The arithmetic mean is the standard “average”, often simply called the “mean”. It is used for many purposes and may be abused by using it to describe skewed distributions, with highly misleading results. A classic example is average income. The arithmetic mean may be used to imply that most people’s incomes are higher than is in fact the case. When presented with an “average” one may be led to believe that most people’s incomes are near this number. This “average” (arithmetic mean) income is higher than most people’s incomes, because high income outliers skew the result higher (in contrast, the median income “resists” such skew). However, this “average” says nothing about the number of people near the median income (nor does it say anything about the modal income that most people are near). Nevertheless, because one might carelessly relate “average” and “most people” one might incorrectly assume that most people’s incomes would be higher (nearer this inflated “average”) than they are. Consider the scores {1, 2, 2, 2, 3, 9}. The arithmetic mean is 3.17, but five out of six scores are below this!

(From http://en.wikipedia.org/wiki/Average.) The important thing to keep in mind when using average-based key performance indicators is that, as the wikipedia says, skewed distributions can lead to the misleading results. This problem often arises when looking at average time spent on a page—the average time spent looks ridiculously long or short but nothing appears to be wrong with the data. When this happens, either try and calculate the median value (50 percent of the values are above, 50 percent are below) or simply do the best you can.

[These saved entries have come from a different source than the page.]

lemma binomial_shift_sums:
  fixes t x :: real
  assumes "\<bar>t * x\<bar> < 1"
  shows "(\<lambda>n. real (n choose Suc l) * t ^ (n - Suc l) * (- ((- x) ^ n) / real n)) sums
           (- ((- x) ^ Suc l) / (real (Suc l) * (1 + t * x) ^ Suc l))"
proof -
  let ?L = "Suc l"
  let ?f = "\<lambda>n. real (n choose Suc l) * t ^ (n - Suc l) * (- ((- x) ^ n) / real n)"
  let ?c = "- ((- x) ^ ?L) / real ?L"
  have "\<bar>- (t * x)\<bar> < 1" using assms by simp
  from sums_mult[OF negative_binomial_sums[OF this, of l], of ?c]
  have s: "(\<lambda>m. ?c * (real ((m + l) choose m) * (- (t * x)) ^ m)) sums (?c * (1 / (1 + t * x) ^ ?L))"
    by simp
  have e: "?f (i + ?L) = ?c * (real ((i + l) choose i) * (- (t * x)) ^ i)" for i
  proof -
    have "real (Suc l) * real (Suc (i + l) choose Suc l) = real (Suc (i + l)) * real ((i + l) choose l)"
      using Suc_times_binomial[of l "i + l"] by (metis of_nat_mult)
    moreover have "(i + l) choose l = (i + l) choose i"
      using binomial_symmetric[of i "i + l"] by simp
    ultimately have c: "real (Suc (i + l) choose Suc l) / real (Suc (i + l)) = real ((i + l) choose i) / real (Suc l)"
      by (simp add: field_simps)
    have "?f (i + ?L) = real (Suc (i + l) choose Suc l) / real (Suc (i + l)) * (t ^ i * (- ((- x) ^ (i + ?L))))"
      by simp
    also have "\<dots> = real ((i + l) choose i) / real ?L * (t ^ i * (- ((- x) ^ (i + ?L))))"
      unfolding c ..
    also have "\<dots> = ?c * (real ((i + l) choose i) * (- (t * x)) ^ i)"
    proof -
      have "(- (t * x)) ^ i = t ^ i * (- x) ^ i" by (metis mult_minus_right power_mult_distrib)
      then show ?thesis by (simp add: power_add field_simps)
    qed
    finally show ?thesis .
  qed
  have "(\<lambda>i. ?f (i + ?L)) sums (?c * (1 / (1 + t * x) ^ ?L))"
    using s unfolding e .
  then have "?f sums (?c * (1 / (1 + t * x) ^ ?L))"
    by (subst sums_zero_iff_shift[symmetric, of ?L]) auto
  then show ?thesis by (simp add: field_simps)
qed

lemma binomial_pole_sum:
  fixes a p t x :: real
  shows "(\<Sum>l=1..k. real ((k - 1) choose (l - 1)) * (- a) ^ (k - l) * p ^ l *
           (- ((- x) ^ l) / (real l * (1 + t * x) ^ l)))
         = - ((- (a + p * x / (1 + t * x))) ^ k) / real k + (- a) ^ k / real k"
proof -
  define w where "w = p * x / (1 + t * x)"
  have summand: "real ((k - 1) choose (l - 1)) * (- a) ^ (k - l) * p ^ l *
      (- ((- x) ^ l) / (real l * (1 + t * x) ^ l))
      = - (real (k choose l) * (- w) ^ l * (- a) ^ (k - l)) / real k" if "l \<in> {1..k}" for l
  proof -
    have "k \<noteq> 0" "l \<noteq> 0" using that by auto
    then obtain k' l' where kl: "k = Suc k'" "l = Suc l'" by (meson not0_implies_Suc)
    have "real (Suc l') * real (Suc k' choose Suc l') = real (Suc k') * real (k' choose l')"
      using Suc_times_binomial[of l' k'] by (metis of_nat_mult)
    then have c: "real ((k - 1) choose (l - 1)) / real l = real (k choose l) / real k"
      unfolding kl by (simp add: field_simps)
    have "(- w) ^ l = p ^ l * (- x) ^ l / (1 + t * x) ^ l"
    proof -
      have "- w = p * (- x) / (1 + t * x)" unfolding w_def by simp
      then show ?thesis by (simp only: power_divide power_mult_distrib)
    qed
    then have "real ((k - 1) choose (l - 1)) * (- a) ^ (k - l) * p ^ l *
        (- ((- x) ^ l) / (real l * (1 + t * x) ^ l))
        = - (real ((k - 1) choose (l - 1)) / real l) * ((- w) ^ l * (- a) ^ (k - l))"
      by simp
    then show ?thesis unfolding c by simp
  qed
  have binomial: "(\<Sum>l=1..k. real (k choose l) * (- w) ^ l * (- a) ^ (k - l)) = (- w + - a) ^ k - (- a) ^ k"
  proof -
    have "{..k} = insert 0 {1..k}" by auto
    then show ?thesis unfolding binomial_ring by (simp add: sum.insert)
  qed
  have "(\<Sum>l=1..k. real ((k - 1) choose (l - 1)) * (- a) ^ (k - l) * p ^ l *
           (- ((- x) ^ l) / (real l * (1 + t * x) ^ l)))
        = - (\<Sum>l=1..k. real (k choose l) * (- w) ^ l * (- a) ^ (k - l)) / real k"
    by (simp only: sum.cong[OF refl summand] sum_divide_distrib[symmetric] sum_negf)
  also have "\<dots> = - ((- (a + w)) ^ k) / real k + (- a) ^ k / real k"
    unfolding binomial by (simp add: diff_divide_distrib add_divide_distrib algebra_simps)
  finally show ?thesis unfolding w_def .
qed

lemma bcoef_vvec_sums_0:
  assumes M: "entrywise_positive M" and x: "\<bar>x\<bar> < 1"
  shows "(\<lambda>n. bcoef M 0 n * vvec x c n) sums complex_of_real (ln (1 + mob_fT0 M * x))"
proof -
  let ?t = "mob_fT0 M"
  \<comment> \<open>at \<open>n = 0\<close> both sides vanish, the right one because \<open>x / 0 = 0\<close>\<close>
  have "(\<lambda>n. bcoef M 0 n * vvec x c n) = (\<lambda>n. complex_of_real (- ((- (?t * x)) ^ n) / real n))"
  proof
    fix n
    have "(- (?t * x)) ^ n = ?t ^ n * (- x) ^ n" by (metis mult_minus_right power_mult_distrib)
    then show "bcoef M 0 n * vvec x c n = complex_of_real (- ((- (?t * x)) ^ n) / real n)"
      by (simp add: bcoef_def vvec_def)
  qed
  then show ?thesis
    using sums_of_real[OF ln_series'[OF abs_mob_fT0_mult_less[OF M x]]] by (simp only:)
qed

Another problem with averages is that there is really no such thing as an “average” visit or visitor—every person who comes to your web site will behave slightly differently. Some people argue that using averages to understand how people browse content often leads to misinterpretation but I disagree. Used in the context of the following key performance indicators, thinking about the “average” visit or visitor will help you better understand the lowest common denominator—the habits and behaviors of people who are neither your best nor worst visitors, only those who come in the largest numbers. You don’t necessarily want to make sweeping changes to your site based on the activities of “average” visitors but you want to keep a close eye on what the majority is doing. One thing sophisticated users may want to try to overcome this effect is segmenting your audience in meaningful ways and then building the following KPIs; the segmentation will refine the behaviors measured into groups which you ostensibly understand better, thereby driving more specific actions based on the data.